Teaching methods include • Lectures • Case studies • Directed reading • Small and large group discussions Learning activities include • An individual assignment • Case study problem solving • Directed reading • Action learning set discussion

TypeHours
Independent Study126
Teaching24
Total study time150

Resources & Reading list

Blyton and Turnbull (2004). The Dynamics of Employee Relations. 
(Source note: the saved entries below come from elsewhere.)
(* Let $f\in\mathcal{L}^1(\mathbb{R})+BV_0(\mathbb{R})$ be such that $t\mapsto t f(t)$ also belongs to $\mathcal{L}^1(\mathbb{R})+BV_0(\mathbb{R})$. Then the $HK$-Sine Fourier transform $\mathcal{F}^S_{HK}(f)$ belongs to $ACG^*_{loc}(\mathbb{R})$.
   Context: $BV_0(\mathbb{R})$: real functions of bounded variation on $\mathbb{R}$ vanishing at $\pm\infty$; $\mathcal{L}^1(\mathbb{R})+BV_0(\mathbb{R})$ consists of sums $f_1+f_2$, $f_1\in\mathcal{L}^1$, $f_2\in BV_0$ (real-valued). $\mathcal{F}^S_{HK}(f)(s)=\frac{1}{\sqrt{2\pi}}\int_{\mathbb{R}}\sin(sx)f(x)\,dx$ (Henstock–Kurzweil integral over $\mathbb{R}$), and $\mathcal{F}^C_{HK}(f)(s)=\frac{1}{\sqrt{2\pi}}\int_{\mathbb{R}}\cos(sx)f(x)\,dx$, so that $\mathcal{F}_{HK}(f)=\mathcal{F}^C_{HK}(f)-i\mathcal{F}^S_{HK}(f)$. A function $F$ is $AC^*$ on a set $E\subset[a,b]$ if for every $\epsilon>0$ there is $\eta>0$ such that for every finite family of nonoverlapping intervals $[c_k,d_k]$ with endpoints in $E$ and $\sum(d_k-c_k)<\eta$, one has $\sum_k\omega(F,[c_k,d_k])<\epsilon$, where $\omega$ denotes oscillation; $F$ is $ACG^*$ on $[a,b]$ if $F$ is continuous on $[a,b]$ and $[a,b]$ is a countable union of sets on each of which $F$ is $AC^*$. $ACG^*_{loc}(\mathbb{R})$: functions that are $ACG^*$ on every compact interval. *)

theory Defs
  imports "HOL-Analysis.Analysis"
begin

definition bounded_variation_real :: "(real \<Rightarrow> real) \<Rightarrow> bool" where
  "bounded_variation_real f \<longleftrightarrow>
     (\<exists>M. \<forall>(n::nat) (x::nat \<Rightarrow> real). (\<forall>i<n. x i \<le> x (Suc i)) \<longrightarrow>
        (\<Sum>i<n. \<bar>f (x (Suc i)) - f (x i)\<bar>) \<le> M)"

definition BV0 :: "(real \<Rightarrow> real) \<Rightarrow> bool" where
  "BV0 f \<longleftrightarrow> bounded_variation_real f \<and> (f \<longlongrightarrow> 0) at_top \<and> (f \<longlongrightarrow> 0) at_bot"

definition L1_plus_BV0 :: "(real \<Rightarrow> real) \<Rightarrow> bool" where
  "L1_plus_BV0 f \<longleftrightarrow>
     (\<exists>f1 f2. integrable lebesgue f1 \<and> BV0 f2 \<and> f = (\<lambda>x. f1 x + f2 x))"

text \<open>HK sine Fourier transform (Henstock--Kurzweil integral over R).\<close>
definition FS_HK :: "(real \<Rightarrow> real) \<Rightarrow> real \<Rightarrow> real" where
  "FS_HK f s = (1 / sqrt (2 * pi)) * integral UNIV (\<lambda>x. sin (s * x) * f x)"

definition osc :: "(real \<Rightarrow> real) \<Rightarrow> real \<Rightarrow> real \<Rightarrow> real" where
  "osc F c d = (SUP p\<in>{c..d} \<times> {c..d}. \<bar>F (fst p) - F (snd p)\<bar>)"

definition AC_star_on :: "(real \<Rightarrow> real) \<Rightarrow> real set \<Rightarrow> bool" where
  "AC_star_on F E \<longleftrightarrow>
     (\<forall>\<epsilon>>0. \<exists>\<eta>>0. \<forall>D::(real \<times> real) set.
        finite D \<and> (\<forall>(c,d)\<in>D. c \<le> d \<and> c \<in> E \<and> d \<in> E) \<and>
        (\<forall>(c,d)\<in>D. \<forall>(c',d')\<in>D. (c,d) \<noteq> (c',d') \<longrightarrow> {c<..<d} \<inter> {c'<..<d'} = {}) \<and>
        (\<Sum>(c,d)\<in>D. d - c) < \<eta>
        \<longrightarrow> (\<Sum>(c,d)\<in>D. osc F c d) < \<epsilon>)"

definition ACG_star_on :: "(real \<Rightarrow> real) \<Rightarrow> real \<Rightarrow> real \<Rightarrow> bool" where
  "ACG_star_on F a b \<longleftrightarrow>
     continuous_on {a..b} F \<and>
     (\<exists>E::nat \<Rightarrow> real set. (\<Union>n. E n) = {a..b} \<and> (\<forall>n. AC_star_on F (E n)))"

definition ACG_star_loc :: "(real \<Rightarrow> real) \<Rightarrow> bool" where
  "ACG_star_loc F \<longleftrightarrow> (\<forall>a b. a \<le> b \<longrightarrow> ACG_star_on F a b)"

end

theory Submission
  imports Defs
begin

text \<open>Write \<open>f = f\<^sub>1 + f\<^sub>2\<close> and \<open>x f(x) = g\<^sub>1(x) + g\<^sub>2(x)\<close> with \<open>f\<^sub>1, g\<^sub>1 \<in> L\<^sup>1\<close> and
  \<open>f\<^sub>2, g\<^sub>2 \<in> BV\<^sub>0\<close>. Then \<open>sin(s x) f(x) = sin(s x) W(x) + g\<^sub>2(x) sin(s x) / x\<close> on \<open>|x| \<ge> 1\<close>, where
  \<open>W = f\<close> on \<open>(-1, 1)\<close> and \<open>W = g\<^sub>1 / x\<close> elsewhere, so that \<open>W\<close> and \<open>x W\<close> are integrable.
  The Lebesgue part \<open>A(s) = \<integral> sin(s x) W(x) dx\<close> is Lipschitz with constant \<open>\<integral> |x W|\<close>. The
  remaining Henstock--Kurzweil integral \<open>C(s)\<close> converges by the second mean value theorem, since
  \<open>g\<^sub>2\<close> is a difference of bounded monotone functions; it is Lipschitz on every half-line
  \<open>[\<delta>, \<infinity>)\<close> because \<open>\<partial>\<^sub>s (sin(s x) / x) = cos(s x)\<close> has primitives bounded by \<open>2 / \<delta>\<close>, and
  it tends to \<open>0\<close> as \<open>s \<rightarrow> 0\<close> because \<open>g\<^sub>2\<close> vanishes at \<open>\<plusminus>\<infinity>\<close>. Hence the odd function
  \<open>F\<^sup>S\<^sub>H\<^sub>K(f)\<close> is continuous at \<open>0\<close> and Lipschitz on \<open>{|s| \<ge> \<delta>}\<close>, so it is \<open>AC\<^sup>*\<close> on each set
  \<open>{0} \<union> {|s| \<ge> 1 / (n + 1)}\<close>; these sets cover every compact interval.\<close>

section \<open>Functions of bounded variation\<close>

definition variation_upto :: "(real \<Rightarrow> real) \<Rightarrow> real \<Rightarrow> real" where
  "variation_upto f x = Sup {(\<Sum>i<n. \<bar>f (y (Suc i)) - f (y i)\<bar>) | n y.
      (\<forall>i<n. y i \<le> y (Suc i)) \<and> y n \<le> x}"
MacMillan library reference HD 6971 BLY, 7 copies (also available as library electronic resource)’ provides the best introduction to/foundation for the module sessions, although there are alternatives. However, the principal readings are journal articles . 

Assessment

Formative

Set exercises - non-exam

Summative

MethodPercentage contribution
Examination  (2 hours) 100%

Repeat

MethodPercentage contribution
Examination  (2 hours) 100%

Referral

MethodPercentage contribution
Examination  (2 hours) 100%

Repeat Information

Repeat type: Internal & External

Costs

Costs associated with this module

Students are responsible for meeting the cost of essential textbooks, and of producing such essays, assignments, laboratory reports and dissertations as are required to fulfil the academic requirements for each programme of study.

In addition to this, students registered for this module typically also have to pay for:

Textbooks

Recommended texts for this module may be available in limited supply in the University Library and students may wish to purchase the mandatory/additional reading text as appropriate.

Please also ensure you read the section on additional costs in the University’s Fees, Charges and Expenses Regulations in the University Calendar available at www.calendar.soton.ac.uk.